Aeon employs over 155,000 staff across a plethora of businesses ranging from General Merchandise, Supermarket and Drug stores, plus financial services and shopping centre developments.
Although global retailers have been challenged to expand internationally (think of Tesco’s advance and retreat in the US, or Carrefour’s global pull back), Aeon has developed businesses in Hong Kong, Malaysia and other markets. It is currently building a new shopping mall cum delivery centre in Cambodia.
Diversity can be a strength but it can also be a driver of complexity. Aeon’s revenues of JPY8.6 trillion (US$70b) are flat and in 2021 it produced an operating loss for the first time in several years.
Read Aeon’s shareholder reports, the pandemic and stay-at-home mandates are given as excuses.
One of Aeon’s strategies, is the ‘Acceleration and evolution of the Shift to Digital Markets’. Online shopping sales have grown by 23% however are still a fraction of the group’s mix.
The bigger issue is that revenues are growing in segments where margins are thinnest.

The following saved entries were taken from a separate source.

(* Let $(S,K,I)$ be a split graph and let $P=v_1\ldots v_n$, with $n\geq 2$, be an induced path in the factor graph $\Phi(S)$. Then $\max\{d_i: i\in[n]\}\in\{d_1,d_2,d_{n-1},d_n\}$. Moreover, if $\max\{d_i:i\in[n]\}=d_1$, then: (1) for each $i\geq 1$: $d_i\geq d_j$ and $N_i\supseteq N_j$ for all $j$ with $i+2\leq j\leq n$; (2) for each $i\geq 1$: $N_i\supseteq\bigcup_{j=i+2}^n N_j$; in particular $\bigcup_{i=1}^n N_i=N_1\cup N_2$; (3) $d_{2k}\geq d_{2k+2}$ and $d_{2k-1}\geq d_{2k+1}$ for all $k\geq 1$ (whenever the indices are at most $n$); (4) $\min\{d_i: i\in[n]\}\in\{d_{n-1},d_n\}$.
   Context: A split graph $(S,K,I)$ is a graph $S$ together with a fixed partition $V(S)=K\dot\cup I$, where $K$ is a clique and $I$ is an independent set. For a vertex $v_i$ of $S$, $N_i$ denotes its open neighborhood in $S$ and $d_i=|N_i|$ its degree in $S$; for $u,v$ write $\eta_{uv}=|N_u\cap N_v|$. The factor graph $\Phi(S)$ is the loopless multigraph with vertex set $I$ in which, for distinct $u,v\in I$, there is one edge joining $u$ and $v$ for each 2-switch of $S$ acting on $u$ and $v$ (a 2-switch replaces edges $ab,cd$ with $ac,bd$ when $ab,cd\in E(S)$ and $ac,bd\notin E(S)$); equivalently, the multiplicity of the edge $uv$ is $\sigma_{uv}=(d_u-\eta_{uv})(d_v-\eta_{uv})$, and $u,v$ are adjacent iff $\sigma_{uv}>0$. An induced path $v_1\ldots v_n$ in $\Phi(S)$ consists of distinct vertices with consecutive ones adjacent and no other pair adjacent (multiplicities ignored for adjacency). *)

theory Defs
  imports Main
begin

definition split_graph :: "'a set \<Rightarrow> ('a \<Rightarrow> 'a \<Rightarrow> bool) \<Rightarrow> 'a set \<Rightarrow> 'a set \<Rightarrow> bool" where
  "split_graph V E K I \<longleftrightarrow>
     finite V \<and> (\<forall>u v. E u v \<longrightarrow> u \<in> V \<and> v \<in> V) \<and> (\<forall>u v. E u v \<longrightarrow> E v u) \<and>
     (\<forall>u. \<not> E u u) \<and> V = K \<union> I \<and> K \<inter> I = {} \<and>
     (\<forall>u\<in>K. \<forall>v\<in>K. u \<noteq> v \<longrightarrow> E u v) \<and> (\<forall>u\<in>I. \<forall>v\<in>I. \<not> E u v)"

definition nbhd :: "('a \<Rightarrow> 'a \<Rightarrow> bool) \<Rightarrow> 'a \<Rightarrow> 'a set" where
  "nbhd E u = {w. E u w}"

definition deg :: "('a \<Rightarrow> 'a \<Rightarrow> bool) \<Rightarrow> 'a \<Rightarrow> nat" where
  "deg E u = card (nbhd E u)"

definition eta :: "('a \<Rightarrow> 'a \<Rightarrow> bool) \<Rightarrow> 'a \<Rightarrow> 'a \<Rightarrow> nat" where
  "eta E u v = card (nbhd E u \<inter> nbhd E v)"

text \<open>Multiplicity of the edge uv in the factor graph (number of 2-switches acting on u, v).\<close>
definition sigma :: "('a \<Rightarrow> 'a \<Rightarrow> bool) \<Rightarrow> 'a \<Rightarrow> 'a \<Rightarrow> nat" where
  "sigma E u v = (deg E u - eta E u v) * (deg E v - eta E u v)"

definition phi_adj :: "('a \<Rightarrow> 'a \<Rightarrow> bool) \<Rightarrow> 'a set \<Rightarrow> 'a \<Rightarrow> 'a \<Rightarrow> bool" where
  "phi_adj E I u v \<longleftrightarrow> u \<in> I \<and> v \<in> I \<and> u \<noteq> v \<and> sigma E u v > 0"

definition induced_path_phi :: "('a \<Rightarrow> 'a \<Rightarrow> bool) \<Rightarrow> 'a set \<Rightarrow> (nat \<Rightarrow> 'a) \<Rightarrow> nat \<Rightarrow> bool" where
  "induced_path_phi E I v n \<longleftrightarrow>
     (\<forall>i\<in>{1..n}. v i \<in> I) \<and> inj_on v {1..n} \<and>
     (\<forall>i\<in>{1..n}. \<forall>j\<in>{1..n}. phi_adj E I (v i) (v j) \<longleftrightarrow> (j = i + 1 \<or> i = j + 1))"

end

theory Submission
  imports Defs
begin

text \<open>Since sigma u v = |N u - N v| * |N v - N u|, two vertices of I are adjacent in the
  factor graph exactly when their neighbourhoods are incomparable under inclusion. An induced
  path v 1, ..., v n thus yields finite sets N 1, ..., N n of which exactly the consecutive ones
  are incomparable, and the theorem concerns such sequences alone. A set of maximum size
  contains every set comparable to it; at an interior position m this forces
  N (m + 2) \<subseteq> N (m - 1) and N (m - 2) \<subseteq> N (m + 1), leaving N (m - 1) and N (m + 1)
  incomparable. If N 1 is largest, then N 3 \<subseteq> N 1, and an inclusion N j \<subseteq> N i with
  j \<ge> i + 2 both extends to all later N k (N k is incomparable to N (k - 1) \<subseteq> N i) and
  shifts to N (i + 3) \<subseteq> N (i + 1) (N (i + 1) is not contained in N i).\<close>

lemma sigma_eq_card_Diff:
  assumes "finite (nbhd E u)" "finite (nbhd E w)"
  shows "sigma E u w = card (nbhd E u - nbhd E w) * card (nbhd E w - nbhd E u)"
  using assms by (simp add: sigma_def deg_def eta_def card_Diff_subset_Int Int_commute)

lemma sigma_pos_iff_incomparable:
  assumes "finite (nbhd E u)" "finite (nbhd E w)"
  shows "0 < sigma E u w \<longleftrightarrow> \<not> nbhd E u \<subseteq> nbhd E w \<and> \<not> nbhd E w \<subseteq> nbhd E u"
  using assms by (simp add: sigma_eq_card_Diff card_gt_0_iff)

lemma split_graph_finite_nbhd:
  assumes "split_graph V E K I"
  shows "finite (nbhd E u)"
proof (rule finite_subset)
  show "nbhd E u \<subseteq> V" "finite V"
    using assms by (auto simp: split_graph_def nbhd_def)
qed

locale incomparability_path =
  fixes N :: "nat \<Rightarrow> 'a set" and n :: nat
  assumes comparable_iff_nonconsecutive:
    "i \<in> {1..n} \<Longrightarrow> j \<in> {1..n} \<Longrightarrow>
       (N i \<subseteq> N j \<or> N j \<subseteq> N i) \<longleftrightarrow> \<not> (j = i + 1 \<or> i = j + 1)"
begin

lemma consecutive_incomparable:
  assumes "1 \<le> k" "Suc k \<le> n"
  shows "\<not> N k \<subseteq> N (Suc k)" "\<not> N (Suc k) \<subseteq> N k"
  using comparable_iff_nonconsecutive[of k "Suc k"] assms by auto

lemma nonconsecutive_comparable:
  assumes "i \<in> {1..n}" "j \<in> {1..n}" "j \<noteq> i + 1" "i \<noteq> j + 1"
  shows "N i \<subseteq> N j \<or> N j \<subseteq> N i"
  using comparable_iff_nonconsecutive assms by blast

lemma subset_extends:
  assumes "1 \<le> i" "i + 2 \<le> k" "Suc k \<le> n" "N k \<subseteq> N i"
  shows "N (Suc k) \<subseteq> N i"
proof -
  have "N i \<subseteq> N (Suc k) \<or> N (Suc k) \<subseteq> N i"
    using assms by (intro nonconsecutive_comparable) auto
  moreover have "\<not> N k \<subseteq> N (Suc k)"
    using assms by (intro consecutive_incomparable) auto
  ultimately show ?thesis
    using assms(4) by blast
qed

lemma subset_extends_to_end:
  assumes "1 \<le> i" "i + 2 \<le> j" "N j \<subseteq> N i" "j \<le> k" "k \<le> n"
  shows "N k \<subseteq> N i"
  using assms(4,5)
proof (induction k rule: dec_induct)
  case base
  show ?case using assms(3) .
next
  case (step k)
  then show ?case
    using assms(1,2) by (intro subset_extends) auto
qed

lemma subset_shifts:
  assumes "1 \<le> i" "i + 3 \<le> n" "N (i + 3) \<subseteq> N i"
  shows "N (i + 3) \<subseteq> N (i + 1)"
proof -
  have "N (i + 1) \<subseteq> N (i + 3) \<or> N (i + 3) \<subseteq> N (i + 1)"
    using assms by (intro nonconsecutive_comparable) auto
  moreover have "\<not> N (Suc i) \<subseteq> N i"
    using assms by (intro consecutive_incomparable) auto
  ultimately show ?thesis
    using assms(3) by auto
qed

end

locale finite_incomparability_path = incomparability_path +
  assumes finite_sets: "i \<in> {1..n} \<Longrightarrow> finite (N i)"
begin

abbreviation sizes :: "nat set" where
  "sizes \<equiv> (\<lambda>i. card (N i)) ` {1..n}"

lemma subset_if_card_le:
  assumes "i \<in> {1..n}" "j \<in> {1..n}" "j \<noteq> i + 1" "i \<noteq> j + 1" "card (N j) \<le> card (N i)"
  shows "N j \<subseteq> N i"
  using nonconsecutive_comparable[OF assms(1-4)] card_seteq[OF finite_sets[OF assms(2)]] assms(5)
  by blast

lemma interior_not_max:
  assumes "3 \<le> m" "m + 2 \<le> n"
  shows "\<exists>i\<in>{1..n}. card (N m) < card (N i)"
proof (rule ccontr)
  obtain l where l: "m = l + 2" "1 \<le> l" "l + 4 \<le> n"
    using assms by (intro that[of "m - 2"]) auto
  assume "\<not> ?thesis"
  then have max: "card (N i) \<le> card (N (l + 2))" if "i \<in> {1..n}" for i
    using that l(1) by (simp add: not_less)
  have incomparable: "\<not> N (l + 1) \<subseteq> N (l + 2)" "\<not> N (l + 3) \<subseteq> N (l + 2)"
    "\<not> N (l + 4) \<subseteq> N (l + 3)" "\<not> N l \<subseteq> N (l + 1)"
    using l consecutive_incomparable[of "l + 1"] consecutive_incomparable[of "l + 2"]
      consecutive_incomparable[of "l + 3"] consecutive_incomparable[of l]
    by (simp_all add: numeral_eq_Suc)
  have "N l \<subseteq> N (l + 2)" "N (l + 4) \<subseteq> N (l + 2)"
    using l by (intro subset_if_card_le max; simp)+
  moreover have "N (l + 1) \<subseteq> N (l + 4) \<or> N (l + 4) \<subseteq> N (l + 1)"
    "N l \<subseteq> N (l + 3) \<or> N (l + 3) \<subseteq> N l"
    using l by (intro nonconsecutive_comparable; simp)+
  ultimately have "N (l + 4) \<subseteq> N (l + 1)" "N l \<subseteq> N (l + 3)"
    using incomparable by blast+
  moreover have "N (l + 1) \<subseteq> N (l + 3) \<or> N (l + 3) \<subseteq> N (l + 1)"
    using l by (intro nonconsecutive_comparable) simp_all
  ultimately show False
    using incomparable(3,4) by blast
qed

lemma Max_sizes_at_end:
  assumes "1 \<le> n"
  shows "Max sizes \<in> {card (N 1), card (N 2), card (N (n - 1)), card (N n)}"
proof -
  have "Max sizes \<in> sizes"
    using assms by (intro Max_in) auto
  then obtain m where m: "m \<in> {1..n}" "Max sizes = card (N m)"
    by auto
  have "\<not> (3 \<le> m \<and> m + 2 \<le> n)"
  proof
    assume "3 \<le> m \<and> m + 2 \<le> n"
    then obtain i where "i \<in> {1..n}" "card (N m) < card (N i)"
      using interior_not_max by blast
    then show False
      using m Max_ge[of sizes "card (N i)"] by auto
  qed
  then have "m = 1 \<or> m = 2 \<or> m = n - 1 \<or> m = n"
    using m(1) by auto
  then show ?thesis
    using m(2) by auto
qed

context
  assumes first_max: "Max sizes = card (N 1)"
begin

lemma card_le_first:
  assumes "i \<in> {1..n}"
  shows "card (N i) \<le> card (N 1)"
  using assms by (subst first_max [symmetric], intro Max_ge) auto

lemma second_successor_subset:
  assumes "1 \<le> i" "i + 2 \<le> n"
  shows "N (i + 2) \<subseteq> N i"
  using assms
proof (induction i rule: dec_induct)
  case base
  then show ?case
    by (intro subset_if_card_le card_le_first) auto
next
  case (step i)
  have "N (i + 3) \<subseteq> N i"
    using step subset_extends_to_end[of i "i + 2" "i + 3"] by simp
  then have "N (i + 3) \<subseteq> N (i + 1)"
    using step by (intro subset_shifts) simp_all
  then show ?case
    by (simp add: numeral_eq_Suc)
qed

lemma nested_beyond_successor:
  assumes "1 \<le> i" "i + 2 \<le> j" "j \<le> n"
  shows "N j \<subseteq> N i"
proof (rule subset_extends_to_end[of i "i + 2"])
  show "N (i + 2) \<subseteq> N i"
    using assms by (intro second_successor_subset) auto
qed (use assms in auto)

lemma card_antimono_beyond_successor:
  assumes "1 \<le> i" "i + 2 \<le> j" "j \<le> n"
  shows "card (N j) \<le> card (N i)"
  using assms by (intro card_mono finite_sets nested_beyond_successor) auto

lemma Union_eq_first_two:
  assumes "2 \<le> n"
  shows "(\<Union>i\<in>{1..n}. N i) = N 1 \<union> N 2"
proof
  show "(\<Union>i\<in>{1..n}. N i) \<subseteq> N 1 \<union> N 2"
  proof (rule UN_least)
    fix i assume "i \<in> {1..n}"
    then show "N i \<subseteq> N 1 \<union> N 2"
      using nested_beyond_successor[of 1 i] by (cases "i = 1 \<or> i = 2") auto
  qed
  show "N 1 \<union> N 2 \<subseteq> (\<Union>i\<in>{1..n}. N i)"
    using assms by force
qed

lemma Min_sizes_at_end:
  assumes "1 \<le> n"
  shows "Min sizes \<in> {card (N (n - 1)), card (N n)}"
proof -
  have "Min sizes \<in> sizes"
    using assms by (intro Min_in) auto
  then obtain m where m: "m \<in> {1..n}" "Min sizes = card (N m)"
    by auto
  show ?thesis
  proof (cases "m + 2 \<le> n")
    case True
    then have "card (N n) \<le> Min sizes"
      using m card_antimono_beyond_successor by simp
    moreover have "Min sizes \<le> card (N n)"
      using assms by (intro Min_le) auto
    ultimately show ?thesis
      by simp
  next
    case False
    then have "m = n - 1 \<or> m = n"
      using m(1) by auto
    then show ?thesis
      using m(2) by auto
  qed
qed

end

end

lemma induced_path_phi_incomparability_path:
  assumes path: "induced_path_phi E I v n" and finite_nbhd: "\<And>u. finite (nbhd E u)"
  shows "finite_incomparability_path (\<lambda>i. nbhd E (v i)) n"
proof unfold_locales
  fix i j assume ij: "i \<in> {1..n}" "j \<in> {1..n}"
  show "(nbhd E (v i) \<subseteq> nbhd E (v j) \<or> nbhd E (v j) \<subseteq> nbhd E (v i))
      \<longleftrightarrow> \<not> (j = i + 1 \<or> i = j + 1)"
  proof (cases "i = j")
    case False
    then have "v i \<in> I" "v j \<in> I" "v i \<noteq> v j"
      using path ij unfolding induced_path_phi_def inj_on_def by blast+
    then have "phi_adj E I (v i) (v j) \<longleftrightarrow>
        \<not> nbhd E (v i) \<subseteq> nbhd E (v j) \<and> \<not> nbhd E (v j) \<subseteq> nbhd E (v i)"
      by (simp add: phi_adj_def sigma_pos_iff_incomparable[OF finite_nbhd finite_nbhd])
    moreover have "phi_adj E I (v i) (v j) \<longleftrightarrow> (j = i + 1 \<or> i = j + 1)"
      using path ij unfolding induced_path_phi_def by blast
    ultimately show ?thesis
      by blast
  qed simp
qed (rule finite_nbhd)

theorem theorem2p4:
  fixes V K I :: "'a set" and E :: "'a \<Rightarrow> 'a \<Rightarrow> bool" and v :: "nat \<Rightarrow> 'a" and n :: nat
  assumes "split_graph V E K I"
    and "n \<ge> 2"
    and "induced_path_phi E I v n"
  shows "Max ((\<lambda>i. deg E (v i)) ` {1..n}) \<in> {deg E (v 1), deg E (v 2), deg E (v (n - 1)), deg E (v n)}
     \<and> (Max ((\<lambda>i. deg E (v i)) ` {1..n}) = deg E (v 1) \<longrightarrow>
          (\<forall>i j. 1 \<le> i \<and> i + 2 \<le> j \<and> j \<le> n \<longrightarrow>
               deg E (v i) \<ge> deg E (v j) \<and> nbhd E (v j) \<subseteq> nbhd E (v i))
        \<and> (\<forall>i. 1 \<le> i \<and> i \<le> n \<longrightarrow> (\<Union>j\<in>{i+2..n}. nbhd E (v j)) \<subseteq> nbhd E (v i))
        \<and> (\<Union>i\<in>{1..n}. nbhd E (v i)) = nbhd E (v 1) \<union> nbhd E (v 2)
        \<and> (\<forall>k\<ge>1. 2*k + 2 \<le> n \<longrightarrow> deg E (v (2*k)) \<ge> deg E (v (2*k + 2)))
        \<and> (\<forall>k\<ge>1. 2*k + 1 \<le> n \<longrightarrow> deg E (v (2*k - 1)) \<ge> deg E (v (2*k + 1)))
        \<and> Min ((\<lambda>i. deg E (v i)) ` {1..n}) \<in> {deg E (v (n - 1)), deg E (v n)})"
proof -
  interpret finite_incomparability_path "\<lambda>i. nbhd E (v i)" n
    using assms(3) split_graph_finite_nbhd[OF assms(1)]
    by (rule induced_path_phi_incomparability_path)
  have n: "1 \<le> n" "2 \<le> n"
    using assms(2) by simp_all
  show ?thesis
    unfolding deg_def
  proof (intro conjI impI Max_sizes_at_end[OF n(1)])
    assume first_max: "Max sizes = card (nbhd E (v 1))"
    note nested = nested_beyond_successor[OF first_max]
      and card_antimono = card_antimono_beyond_successor[OF first_max]
    show "\<forall>i j. 1 \<le> i \<and> i + 2 \<le> j \<and> j \<le> n \<longrightarrow>
        card (nbhd E (v j)) \<le> card (nbhd E (v i)) \<and> nbhd E (v j) \<subseteq> nbhd E (v i)"
      using nested card_antimono by blast
    show "\<forall>i. 1 \<le> i \<and> i \<le> n \<longrightarrow> (\<Union>j\<in>{i+2..n}. nbhd E (v j)) \<subseteq> nbhd E (v i)"
      using nested by fastforce
    show "(\<Union>i\<in>{1..n}. nbhd E (v i)) = nbhd E (v 1) \<union> nbhd E (v 2)"
      using Union_eq_first_two[OF first_max n(2)] .
    show "\<forall>k\<ge>1. 2*k + 2 \<le> n \<longrightarrow> card (nbhd E (v (2*k + 2))) \<le> card (nbhd E (v (2*k)))"
      using card_antimono by simp
    show "\<forall>k\<ge>1. 2*k + 1 \<le> n \<longrightarrow> card (nbhd E (v (2*k + 1))) \<le> card (nbhd E (v (2*k - 1)))"
      using card_antimono by simp
    show "Min sizes \<in> {card (nbhd E (v (n - 1))), card (nbhd E (v n))}"
      using Min_sizes_at_end[OF first_max n(1)] .
  qed
qed

end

Last year, for example, Aeon acquired Can Do a discount store chain. Discount stores are the fastest growing segment of Aeon’s portfolio.
GMS and Supermarkets are the heart of Aeon accounting for 78% of revenue. However GMS has a negative operating profit and supermarkets, whilst in the black, just 18% of consolidated profits.
Perhaps an untapped jewel in the crown is financial services? This segment accounts for 5% of group revenues yet over 50% of consolidated profits.

According to both the FT and WSJ no analysts following Aeon rate the stock as a ‘buy’. Most recommend underweighting it in their portfolio.
Amongst the company’s top 10 shareholders, 8 are Japanese financial institutions, however there are 2 foreign ones, Black Rock and Vanguard.
Are they seeing something others have missed?